Correspondence to: Dr. Xiao-Yu Yin, Department of Hepatobiliary Surgery, The First Affiliated Hospital, Sun Yat-Sen University, Guangzhou 510080, Guangdong Province, China. yinxy@21cn.com
Telephone: +86-20-87765183 Fax: +86-20-87765183
Received: May 27, 2004
Revised: May 28, 2004
Accepted: June 28, 2004
Published online: April 28, 2005

Abstract

AIM: To evaluate the therapeutic efficacy of systemic chemo-immunotherapy for advanced hepatocellular carcinoma (HCC).

METHODS: Twenty-six patients with advanced HCC were treated by using systemic chemo-immunotherapy (PIAF regimen), which consisted of cisplatin (20 mg/m2) intravenously daily for 4 consecutive day, doxorubicin (40 mg/m2) intravenously on day 1, 5-fluorouracil (400 mg/m2) intravenously daily for 4 consecutive day, and human recombinant α-interferon-2a (5 Mu/m2) subcutaneous injection daily for 4 consecutive day. The treatment was repeated every 3 wk, with a maximum of six cycles.

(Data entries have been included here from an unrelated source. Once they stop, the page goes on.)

(* Let $G=(V,E)$ be a $K_4$-free graph and $T=(V,E_t)$ a spanning tree of $G$ such that for every edge $uv\in E$ and every $w\in P_T(u,v)$ we have $uw,vw\in E$. Let $\mathcal C$ be an induced chordless cycle $C_k$ in $G$ with $k\ge 4$, with vertices $c_1,\dots,c_k$. Then there is a vertex $w\notin\{c_1,\dots,c_k\}$ adjacent to all of $c_1,\dots,c_k$ (so $\mathcal C$ and $w$ form a wheel $W_k$), and no edge of $\mathcal C$ belongs to $E_t$.
   Context: All graphs are finite, simple, undirected and connected. For a tree $T$ and vertices $u,v$, $P_T(u,v)$ denotes the set of vertices on the path from $u$ to $v$ in $T$ excluding $u$ and $v$. A chordless cycle $C_k$ consists of vertices $v_1,\dots,v_k$ with edges exactly $v_iv_{i+1}$ (indices mod $k$) among them. A wheel $W_k$ is a $C_k$ plus a vertex adjacent to all its vertices. $K_4$-free means no clique on four vertices. *)

theory Defs
  imports Main
begin

definition sgraph :: "'a set \<Rightarrow> ('a \<Rightarrow> 'a \<Rightarrow> bool) \<Rightarrow> bool" where
  "sgraph V E \<longleftrightarrow> finite V \<and> (\<forall>u v. E u v \<longrightarrow> u \<in> V \<and> v \<in> V)
     \<and> (\<forall>u v. E u v \<longrightarrow> E v u) \<and> (\<forall>u. \<not> E u u)"

definition walk :: "('a \<Rightarrow> 'a \<Rightarrow> bool) \<Rightarrow> 'a list \<Rightarrow> bool" where
  "walk E xs \<longleftrightarrow> xs \<noteq> [] \<and> (\<forall>i. Suc i < length xs \<longrightarrow> E (xs ! i) (xs ! Suc i))"

definition connected_graph :: "'a set \<Rightarrow> ('a \<Rightarrow> 'a \<Rightarrow> bool) \<Rightarrow> bool" where
  "connected_graph V E \<longleftrightarrow> V \<noteq> {} \<and>
     (\<forall>u\<in>V. \<forall>v\<in>V. \<exists>xs. walk E xs \<and> hd xs = u \<and> last xs = v)"

definition is_cycle :: "('a \<Rightarrow> 'a \<Rightarrow> bool) \<Rightarrow> 'a list \<Rightarrow> bool" where
  "is_cycle E xs \<longleftrightarrow> length xs \<ge> 3 \<and> distinct xs \<and> walk E xs \<and> E (last xs) (hd xs)"

definition is_tree :: "'a set \<Rightarrow> ('a \<Rightarrow> 'a \<Rightarrow> bool) \<Rightarrow> bool" where
  "is_tree V T \<longleftrightarrow> sgraph V T \<and> connected_graph V T \<and> \<not> (\<exists>xs. is_cycle T xs)"

definition spanning_tree :: "'a set \<Rightarrow> ('a \<Rightarrow> 'a \<Rightarrow> bool) \<Rightarrow> ('a \<Rightarrow> 'a \<Rightarrow> bool) \<Rightarrow> bool" where
  "spanning_tree V E T \<longleftrightarrow> is_tree V T \<and> (\<forall>u v. T u v \<longrightarrow> E u v)"

definition tree_path_inner :: "('a \<Rightarrow> 'a \<Rightarrow> bool) \<Rightarrow> 'a \<Rightarrow> 'a \<Rightarrow> 'a set" where
  "tree_path_inner T u v = {w. \<exists>xs. walk T xs \<and> distinct xs \<and> hd xs = u \<and> last xs = v
       \<and> w \<in> set xs \<and> w \<noteq> u \<and> w \<noteq> v}"

definition K4_free :: "('a \<Rightarrow> 'a \<Rightarrow> bool) \<Rightarrow> bool" where
  "K4_free E \<longleftrightarrow> \<not> (\<exists>a b c d. E a b \<and> E a c \<and> E a d \<and> E b c \<and> E b d \<and> E c d)"

definition induced_cycle :: "'a set \<Rightarrow> ('a \<Rightarrow> 'a \<Rightarrow> bool) \<Rightarrow> 'a list \<Rightarrow> bool" where
  "induced_cycle V E cs \<longleftrightarrow> length cs \<ge> 3 \<and> distinct cs \<and> set cs \<subseteq> V \<and>
     (\<forall>i<length cs. \<forall>j<length cs. E (cs ! i) (cs ! j) \<longleftrightarrow>
         (j = Suc i mod length cs \<or> i = Suc j mod length cs))"

end

theory Submission
  imports Defs "HOL-Library.Transitive_Closure_Table"
begin

text \<open>
  Every edge uv of G that is not a tree edge has a tree path of exactly
  two edges: a longer tree path would contain two adjacent interior vertices, both
  adjacent to u and v, giving a K4.  So consecutive cycle vertices c_j, c_(j+1) are
  joined in T either directly or through a "midpoint" m_j, and m_j lies off the
  cycle because the cycle is induced and has length at least 4.

  Acyclicity of T is used in one form only: a tree edge xy is a bridge, i.e. y cannot
  reach x in T once the edge xy is removed.  If c_i c_(i+1) were a tree edge, going
  around the rest of the cycle would reach c_i from c_(i+1) without it; so all cycle
  edges have midpoints.  If two consecutive midpoints m_i, m_(i+1) differed, the walk
  m_(i+1), c_(i+2), ..., c_i, m_i, c_(i+1) would bypass the tree edge c_(i+1) m_(i+1).
  Hence all midpoints coincide, and this common vertex is the hub of a wheel.
\<close>

lemma walk_Cons2: "walk R (a # b # xs) \<longleftrightarrow> R a b \<and> walk R (b # xs)"
  unfolding walk_def by (auto simp: nth_Cons split: nat.splits)

lemma walk_mono: "walk R xs \<Longrightarrow> (\<And>a b. R a b \<Longrightarrow> S a b) \<Longrightarrow> walk S xs"
  unfolding walk_def by auto

lemma walk_rtranclp: "walk R xs \<Longrightarrow> R\<^sup>*\<^sup>* (hd xs) (last xs)"
proof (induction xs)
  case Nil
  then show ?case by (simp add: walk_def)
next
  case (Cons a xs)
  show ?case
  proof (cases xs)
    case Nil
    then show ?thesis by simp
  next
    case (Cons b ys)
    then show ?thesis using Cons.prems Cons.IH
      by (auto simp: walk_Cons2 intro: converse_rtranclp_into_rtranclp)
  qed
qed

lemma rtrancl_path_walk: "rtrancl_path R x xs y \<Longrightarrow> walk R (x # xs) \<and> last (x # xs) = y"
proof (induction rule: rtrancl_path.induct)
  case (base x)
  then show ?case by (simp add: walk_def)
next
  case (step x y ys z)
  then show ?case by (simp add: walk_Cons2)
qed

lemma rtranclp_path:
  assumes "R\<^sup>*\<^sup>* a b"
  obtains ys where "walk R ys" "distinct ys" "hd ys = a" "last ys = b"
proof -
  obtain xs where "rtrancl_path R a xs b"
    using assms by (auto simp: rtranclp_eq_rtrancl_path)
  then obtain xs' where "rtrancl_path R a xs' b" "distinct (a # xs')"
    by (rule rtrancl_path_distinct)
  then show thesis using that[of "a # xs'"] rtrancl_path_walk by fastforce
qed

lemma rtranclp_chain:
  assumes "\<And>n. n < N \<Longrightarrow> R\<^sup>*\<^sup>* (f n) (f (Suc n))"
  shows "R\<^sup>*\<^sup>* (f 0) (f N)"
  using assms by (induction N) (auto intro: rtranclp_trans)

section \<open>Tree edges are bridges\<close>

definition remove_edge :: "('a \<Rightarrow> 'a \<Rightarrow> bool) \<Rightarrow> 'a \<Rightarrow> 'a \<Rightarrow> 'a \<Rightarrow> 'a \<Rightarrow> bool" where
  "remove_edge T x y a b \<longleftrightarrow> T a b \<and> {a, b} \<noteq> {x, y}"

text \<open>In a graph without cycles, the ends of an edge are disconnected once it is removed:
  a path from y back to x avoiding xy would close a cycle with that edge.\<close>
lemma acyclic_edge_is_bridge:
  assumes acyclic: "\<not> (\<exists>xs. is_cycle T xs)" and "T x y" "x \<noteq> y"
  shows "\<not> (remove_edge T x y)\<^sup>*\<^sup>* y x"
proof
  assume "(remove_edge T x y)\<^sup>*\<^sup>* y x"
  then obtain ys where ys: "walk (remove_edge T x y) ys" "distinct ys" "hd ys = y" "last ys = x"
    by (rule rtranclp_path)
  have "length ys \<ge> 3"
  proof (rule ccontr)
    assume "\<not> length ys \<ge> 3"
    then consider "ys = []" | a where "ys = [a]" | a b where "ys = [a, b]"
      by (cases ys; cases "tl ys"; cases "tl (tl ys)") auto
    then show False
      using ys \<open>x \<noteq> y\<close> by cases (auto simp: walk_def walk_Cons2 remove_edge_def)
  qed
  moreover have "walk T ys" using ys(1) by (rule walk_mono) (simp add: remove_edge_def)
  ultimately have "is_cycle T ys" using ys \<open>T x y\<close> by (simp add: is_cycle_def)
  then show False using acyclic by blast
qed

RESULTS: A total of 90 cycles of PIAF treatment were administered, with a mean number of 3.9 cycles per patient. Eight patients received six cycles of treatment (group A), and the remaining 18 were subjected to two to five cycles (group B). There were 0 complete response, 4 partial responses, 9 static diseases and 13 progressive diseases, with a disease control rate of 50% (13/26). The 1-year survival rate was 24.3%, with a median survival time of 6.0 mo. Group A had a remarkably better survival as compared with group B, the 1- and 2-year survival rates were 62.5% vs 6.1% and 32.3% vs 0%, and a median survival time was 12.5 mo vs 5.0 mo (P = 0.001).

CONCLUSION: Systemic chemo-immunotherapy using PIAF regimen represented an effective treatment and could improve the survival rate and prolong the survival time in selected patients with advanced HCC.

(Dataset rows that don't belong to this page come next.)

(* Let $\varphi(z)=az+b$, where $a,b\in\mathbb{C}$ and $|a|\le 1$, and let $C_\varphi f=f\circ\varphi$ be the composition operator on $\mathcal{F}^2$. Then each of the following holds: $C_\varphi$ is a bounded normaloid operator on $\mathcal{F}^2$ if and only if $b=0$; $C_\varphi$ is a bounded hyponormal operator on $\mathcal{F}^2$ if and only if $b=0$; $C_\varphi$ is a bounded cohyponormal operator on $\mathcal{F}^2$ if and only if $b=0$.
   Context: $\mathcal{F}^2$ is the Fock space: the Hilbert space of entire functions $f$ on $\mathbb{C}$ with $\int_{\mathbb{C}}|f(z)|^2\,d\mu(z)<\infty$, where $d\mu(z)=\pi^{-1}e^{-|z|^2}\,dA(z)$, with inner product $\langle f,g\rangle=\int f\overline{g}\,d\mu$. A bounded operator $T$ on a Hilbert space is normaloid if $\|T\|=r(T)$ (the spectral radius), hyponormal if $T^*T\ge TT^*$, and cohyponormal if $T^*T\le TT^*$. *)

theory Defs
  imports "HOL-Analysis.Analysis"
begin

text \<open>Gaussian weight of the Fock measure: d mu(z) = pi^{-1} exp(-|z|^2) dA(z);
  dA is Lebesgue area measure, i.e. lborel on the complex plane.\<close>
definition fock_weight :: "complex \<Rightarrow> real" where
  "fock_weight z = exp (- (cmod z)\<^sup>2) / pi"

definition fock_space :: "(complex \<Rightarrow> complex) set" where
  "fock_space = {f. f holomorphic_on UNIV \<and>
      integrable lborel (\<lambda>z. (cmod (f z))\<^sup>2 * fock_weight z)}"

definition fock_inner :: "(complex \<Rightarrow> complex) \<Rightarrow> (complex \<Rightarrow> complex) \<Rightarrow> complex" where
  "fock_inner f g = integral\<^sup>L lborel (\<lambda>z. f z * cnj (g z) * complex_of_real (fock_weight z))"

definition fock_norm :: "(complex \<Rightarrow> complex) \<Rightarrow> real" where
  "fock_norm f = sqrt (integral\<^sup>L lborel (\<lambda>z. (cmod (f z))\<^sup>2 * fock_weight z))"

type_synonym fock_op = "(complex \<Rightarrow> complex) \<Rightarrow> (complex \<Rightarrow> complex)"

text \<open>Bounded (linear) operator on F^2; only its action on F^2 matters.\<close>
definition fock_bounded :: "fock_op \<Rightarrow> bool" where
  "fock_bounded T \<longleftrightarrow>
     (\<forall>f\<in>fock_space. T f \<in> fock_space) \<and>
     (\<forall>f\<in>fock_space. \<forall>g\<in>fock_space. T (\<lambda>z. f z + g z) = (\<lambda>z. T f z + T g z)) \<and>
     (\<forall>f\<in>fock_space. \<forall>c. T (\<lambda>z. c * f z) = (\<lambda>z. c * T f z)) \<and>
     (\<exists>K. \<forall>f\<in>fock_space. fock_norm (T f) \<le> K * fock_norm f)"

definition fock_opnorm :: "fock_op \<Rightarrow> real" where
  "fock_opnorm T = Sup {fock_norm (T f) | f. f \<in> fock_space \<and> fock_norm f \<le> 1}"

definition fock_invertible :: "fock_op \<Rightarrow> bool" where
  "fock_invertible A \<longleftrightarrow>
     (\<exists>S. fock_bounded S \<and> (\<forall>f\<in>fock_space. S (A f) = f \<and> A (S f) = f))"

definition fock_spectrum :: "fock_op \<Rightarrow> complex set" where
  "fock_spectrum T = {c. \<not> fock_invertible (\<lambda>f z. T f z - c * f z)}"

definition fock_spectral_radius :: "fock_op \<Rightarrow> real" where
  "fock_spectral_radius T = Sup (cmod ` fock_spectrum T)"

definition normaloid :: "fock_op \<Rightarrow> bool" where
  "normaloid T \<longleftrightarrow> fock_opnorm T = fock_spectral_radius T"

definition fock_adjoint :: "fock_op \<Rightarrow> fock_op \<Rightarrow> bool" where
  "fock_adjoint T S \<longleftrightarrow> (\<forall>f\<in>fock_space. S f \<in> fock_space) \<and>
     (\<forall>f\<in>fock_space. \<forall>g\<in>fock_space. fock_inner (T f) g = fock_inner f (S g))"

definition fock_positive :: "fock_op \<Rightarrow> bool" where
  "fock_positive A \<longleftrightarrow> (\<forall>f\<in>fock_space. fock_inner (A f) f \<in> \<real> \<and> 0 \<le> Re (fock_inner (A f) f))"

definition hyponormal :: "fock_op \<Rightarrow> bool" where
  "hyponormal T \<longleftrightarrow> (\<exists>S. fock_adjoint T S \<and>
      fock_positive (\<lambda>f z. S (T f) z - T (S f) z))"

definition cohyponormal :: "fock_op \<Rightarrow> bool" where
  "cohyponormal T \<longleftrightarrow> (\<exists>S. fock_adjoint T S \<and>
      fock_positive (\<lambda>f z. T (S f) z - S (T f) z))"

definition comp_op :: "(complex \<Rightarrow> complex) \<Rightarrow> fock_op" where
  "comp_op \<phi> f = (\<lambda>z. f (\<phi> z))"

end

Key Words: Chemotherapy, Immunotherapy, Advanced-stage hepatocellular carcinoma

INTRODUCTION

Hepatocellular carcinoma (HCC) is one of the leading causes of death from malignancies worldwide[1]. Surgical resection offers the best hope of long-term survival[2,3]. However, only 9-37% of patients are candidates for surgical intervention due to advanced stage of the disease and/or impaired hepatic functional reserve[4,6].

Unresectable HCCs have been commonly treated by transcatheter arterial chemoembolization (TACE)[7-10] or image-guided local ablative therapies, including ethanol injection, radiofrequency ablation and microwave ablation[11-13]. However, their management, especially those with portal tumor thrombi or distant metastasis, still remains a major challenge. Systemic chemotherapy has been used as an alternative modality in clinical settings, unfortunately, its therapeutic efficacy appears disappointed[14].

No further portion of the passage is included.